> **What to work on**:
From the entries below, copy every line that has the word "increasing".

> **Supplied data**:
(* If a Banach space $X$ has a seminormalized (Schauder) basis $(e_n)$ which dominates each of its subsequences (i.e., for every increasing sequence $(k_n)$ of positive integers, $(e_n)$ dominates $(e_{k_n})$), then $\mathcal{L}(X)$ is non-separable.
   Context: $\mathcal{L}(X)$ is the space of all bounded linear operators on $X$ with the operator norm. A sequence $(e_n)$ is seminormalized if $0<\inf_n\|e_n\|\le\sup_n\|e_n\|<\infty$. $(x_n)$ dominates $(y_n)$ if there is $C>0$ with $\|\sum a_ny_n\|\le C\|\sum a_nx_n\|$ for all finitely supported scalar sequences $(a_n)$. *)

theory Defs
  imports "HOL-Analysis.Analysis"
begin

definition schauder_basis :: "(nat \<Rightarrow> 'a::banach) \<Rightarrow> bool" where
  "schauder_basis e \<longleftrightarrow>
     (\<forall>x. \<exists>!a::nat \<Rightarrow> real. (\<lambda>N. \<Sum>n<N. a n *\<^sub>R e n) \<longlonglongrightarrow> x)"

definition seminormalized :: "(nat \<Rightarrow> 'a::real_normed_vector) \<Rightarrow> bool" where
  "seminormalized e \<longleftrightarrow> (\<exists>c>0. \<forall>n. c \<le> norm (e n)) \<and> (\<exists>M. \<forall>n. norm (e n) \<le> M)"

definition dominates :: "(nat \<Rightarrow> 'a::real_normed_vector) \<Rightarrow> (nat \<Rightarrow> 'a) \<Rightarrow> bool" where
  "dominates x y \<longleftrightarrow> (\<exists>C>0. \<forall>a::nat \<Rightarrow> real. finite {n. a n \<noteq> 0} \<longrightarrow>
      norm (\<Sum>n\<in>{n. a n \<noteq> 0}. a n *\<^sub>R y n) \<le> C * norm (\<Sum>n\<in>{n. a n \<noteq> 0}. a n *\<^sub>R x n))"

end

(*
  For strictly increasing k, domination of (e (k n)) by (e n) makes
  sum a_n e_n |-> sum a_n e_(k n) a bounded operator on X.  With k_A n = 2n + [n in A]
  for sets A of naturals, two different sets give operators sending some e_m to two
  different basis vectors; as the basis projections are uniformly bounded, distinct
  basis vectors are uniformly separated.  So L(X) contains continuum many operators at
  mutual distance bounded below.

  The uniform bound on the basis projections S_N comes from the Baire category theorem:
  some set {z. sup_N norm (S_N z) <= n} is dense in a ball, hence, being convex and
  symmetric, in a ball around 0; writing an arbitrary x as a geometrically convergent
  series of such approximants then bounds S_N x.
*)

theory Submission
  imports Defs
begin

lemma Baire_closure_contains_ball:
  fixes F :: "nat \<Rightarrow> 'a::complete_space set"
  assumes "(\<Union>n. F n) = UNIV"
  shows "\<exists>n x r. r > 0 \<and> ball x r \<subseteq> closure (F n)"
proof (rule ccontr)
  assume no_ball: "\<not> ?thesis"
  have "euclidean interior_of (\<Union>n. closure (F n)) = ({} :: 'a set)"
  proof (rule Baire_category_alt[OF disjI1[OF completely_metrizable_space_euclidean]])
    fix T assume "T \<in> range (\<lambda>n. closure (F n))"
    then obtain n where T: "T = closure (F n)" by blast
    have "interior T = {}"
      using no_ball by (auto simp: T mem_interior)
    then show "closedin euclidean T \<and> euclidean interior_of T = {}"
      by (simp add: T)
  qed simp
  moreover have "(\<Union>n. closure (F n)) = UNIV"
    using assms closure_subset by blast
  ultimately show False by simp
qed

lemma symmetric_convex_closure_contains_ball_0:
  fixes D :: "'a::real_normed_vector set"
  assumes "convex D" and "uminus ` D \<subseteq> D" and "ball x r \<subseteq> closure D"
  shows "ball 0 r \<subseteq> closure D"
proof
  fix y :: 'a assume "y \<in> ball 0 r"
  then have "x + y \<in> closure D" "x - y \<in> closure D"
    using assms(3) by (auto simp: dist_norm)
  have "(-1) *\<^sub>R (x - y) \<in> closure ((*\<^sub>R) (-1) ` D)"
    using \<open>x - y \<in> closure D\<close> by (simp only: flip: closure_scaleR) (rule imageI)
  moreover have "(*\<^sub>R) (-1) ` D \<subseteq> D"
    using assms(2) by auto
  ultimately have "- (x - y) \<in> closure D"
    using closure_mono by (metis scaleR_minus1_left subsetD)
  have "y = (1/2) *\<^sub>R (x + y) + (1/2) *\<^sub>R (- (x - y))"
    by (metis add.inverse_inverse add_diff_cancel_right diff_minus_eq_add
        scaleR_half_double scaleR_right_distrib uminus_add_conv_diff)
  also have "\<dots> \<in> closure D"
    using \<open>x + y \<in> closure D\<close> \<open>- (x - y) \<in> closure D\<close> assms(1)
    by (intro convexD) auto
  finally show "y \<in> closure D" .
qed

lemma series_decomposition_from_closures:
  fixes B :: "real \<Rightarrow> 'a::real_normed_vector set"
  assumes "mono B" and approx: "\<And>y. y \<in> closure (B (norm y))" and "x \<noteq> 0"
  shows "\<exists>z. (\<lambda>J. \<Sum>j<J. z j) \<longlonglongrightarrow> x \<and> (\<forall>j. z j \<in> B (norm x / 2 ^ j))"
proof -
  have "\<exists>r. \<forall>j. ((j = 0 \<longrightarrow> r j = x) \<and> norm (r j) \<le> norm x / 2 ^ j)
              \<and> r j - r (Suc j) \<in> B (norm x / 2 ^ j)"
  proof (rule dependent_nat_choice)
    fix \<rho> j assume \<rho>: "(j = 0 \<longrightarrow> \<rho> = x) \<and> norm \<rho> \<le> norm x / 2 ^ j"
    have "norm x / 2 ^ Suc j > 0" using \<open>x \<noteq> 0\<close> by simp
    then obtain w where w: "w \<in> B (norm \<rho>)" "dist w \<rho> < norm x / 2 ^ Suc j"
      using approx[of \<rho>] unfolding closure_approachable by blast
    have "B (norm \<rho>) \<subseteq> B (norm x / 2 ^ j)"
      using \<rho> by (intro monoD[OF \<open>mono B\<close>]) simp
    moreover have "norm (\<rho> - w) \<le> norm x / 2 ^ Suc j"
      using w(2) by (simp add: dist_norm norm_minus_commute)
    ultimately show "\<exists>\<rho>'. ((Suc j = 0 \<longrightarrow> \<rho>' = x) \<and> norm \<rho>' \<le> norm x / 2 ^ Suc j)
                      \<and> \<rho> - \<rho>' \<in> B (norm x / 2 ^ j)"
      using w(1) by (intro exI[of _ "\<rho> - w"]) auto
  qed auto
  then obtain r where r0: "r 0 = x" and r_le: "\<And>j. norm (r j) \<le> norm x / 2 ^ j"
    and r_diff: "\<And>j. r j - r (Suc j) \<in> B (norm x / 2 ^ j)" by blast
  have "r \<longlonglongrightarrow> 0"
  proof (rule Lim_null_comparison)
    show "\<forall>\<^sub>F j in sequentially. norm (r j) \<le> norm x / 2 ^ j"
      using r_le by simp
    show "(\<lambda>j. norm x / 2 ^ j) \<longlonglongrightarrow> 0"
      by (rule LIMSEQ_divide_realpow_zero) simp
  qed
  then have "(\<lambda>J. r 0 - r J) \<longlonglongrightarrow> x - 0"
    unfolding r0 by (intro tendsto_diff tendsto_const)
  then have "(\<lambda>J. \<Sum>j<J. r j - r (Suc j)) \<longlonglongrightarrow> x"
    by (simp add: sum_lessThan_telescope')
  with r_diff show ?thesis
    by (intro exI[of _ "\<lambda>j. r j - r (Suc j)"]) simp
qed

> **Answer for this exercise**:
(* If a Banach space $X$ has a seminormalized (Schauder) basis $(e_n)$ which dominates each of its subsequences (i.e., for every increasing sequence $(k_n)$ of positive integers, $(e_n)$ dominates $(e_{k_n})$), then $\mathcal{L}(X)$ is non-separable.
  For strictly increasing k, domination of (e (k n)) by (e n) makes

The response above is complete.